=== Task to complete ===
Show every line of the data that includes the word "definition".

=== Dataset excerpts ===
********

(* Let $\mathcal{B}=\bigcup_{s>0}\mathcal{B}_s$, where $\mathcal{B}_s$ is the set of irrational real numbers satisfying the one-dimensional Bruno-$s$ condition. Then $\mathcal{B}$ is invariant under the action of $PSL(2,\mathbb{Z})$: for all integers $a,b,c,d$ with $ad-bc=1$ and all $\omega\in\mathcal{B}$, $(a\omega+b)/(c\omega+d)\in\mathcal{B}$.
   Context: For an irrational real $\omega$, let $(q_j)_{j\ge0}$ be the denominators of the continued fraction convergents of $\omega$ (equivalently of its fractional part): $q_{-1}=0$, $q_0=1$, $q_{k+1}=a_{k+1}q_k+q_{k-1}$ with $(a_k)$ the partial quotients. $\omega$ satisfies the one-dimensional Bruno-$s$ condition ($s>0$) if $\limsup_{N\to+\infty}\big(\sum_{j=0}^{k(N)}\frac{\log q_{j+1}}{q_j}-s\log N\big)<+\infty$, where $k(N)$ is defined by $q_{k(N)}\le N<q_{k(N)+1}$. *)

theory Defs
  imports "HOL-Analysis.Analysis" "HOL-Library.Liminf_Limsup"
begin

text \<open>Complete quotients of the continued fraction expansion:
  x_0 = omega, x_(n+1) = 1 / frac(x_n).  Partial quotients a_n = floor x_n.\<close>
fun cf_rem :: "real \<Rightarrow> nat \<Rightarrow> real" where
  "cf_rem \<omega> 0 = \<omega>"
| "cf_rem \<omega> (Suc n) = 1 / frac (cf_rem \<omega> n)"

definition cf_a :: "real \<Rightarrow> nat \<Rightarrow> nat" where
  "cf_a \<omega> n = nat \<lfloor>cf_rem \<omega> n\<rfloor>"

text \<open>Denominators of convergents: q_(-1) = 0, q_0 = 1, q_(k+1) = a_(k+1) q_k + q_(k-1).\<close>
fun cf_q :: "real \<Rightarrow> nat \<Rightarrow> nat" where
  "cf_q \<omega> 0 = 1"
| "cf_q \<omega> (Suc 0) = cf_a \<omega> 1 * 1 + 0"
| "cf_q \<omega> (Suc (Suc n)) = cf_a \<omega> (Suc (Suc n)) * cf_q \<omega> (Suc n) + cf_q \<omega> n"

definition cf_k :: "real \<Rightarrow> nat \<Rightarrow> nat" where
  "cf_k \<omega> N = (THE k. cf_q \<omega> k \<le> N \<and> N < cf_q \<omega> (Suc k))"

definition bruno_s :: "real \<Rightarrow> real \<Rightarrow> bool" where
  "bruno_s s \<omega> \<longleftrightarrow> \<omega> \<notin> \<rat> \<and>
     limsup (\<lambda>N::nat. ereal ((\<Sum>j=0..cf_k \<omega> N. ln (real (cf_q \<omega> (Suc j))) / real (cf_q \<omega> j))
                               - s * ln (real N))) < \<infinity>"

definition bruno_set :: "real set" where
  "bruno_set = (\<Union>s\<in>{s. s > 0}. {\<omega>. bruno_s s \<omega>})"

end

(* Numbers related by an element of PSL(2,Z) have continued fraction expansions with a
   common tail: the group is generated by x + 1 and -1/x, and each of these changes only the
   first few complete quotients.  Once the complete quotients agree from some index on, the
   convergent denominators of the two numbers obey the same linear recurrence with positive
   coefficients, so they are comparable up to a constant factor C.  Then every term
   ln q_(j+1) / q_j of one Bruno sum is at most a constant multiple D of the corresponding term
   of the other, k(N) for one number is dominated by k(C N) for the other, and the Bruno-s
   condition becomes a Bruno-(D s) condition. *)

theory Submission
  imports Defs
begin

section \<open>Complete quotients and convergent denominators\<close>

lemma cf_rem_in_Rats_iff: "cf_rem \<omega> n \<in> \<rat> \<longleftrightarrow> \<omega> \<in> \<rat>"
  by (induction n) (simp_all add: divide_inverse)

********

=== Exercise output ===
definition cf_a :: "real \<Rightarrow> nat \<Rightarrow> nat" where
definition cf_k :: "real \<Rightarrow> nat \<Rightarrow> nat" where
definition bruno_s :: "real \<Rightarrow> real \<Rightarrow> bool" where
definition bruno_set :: "real set" where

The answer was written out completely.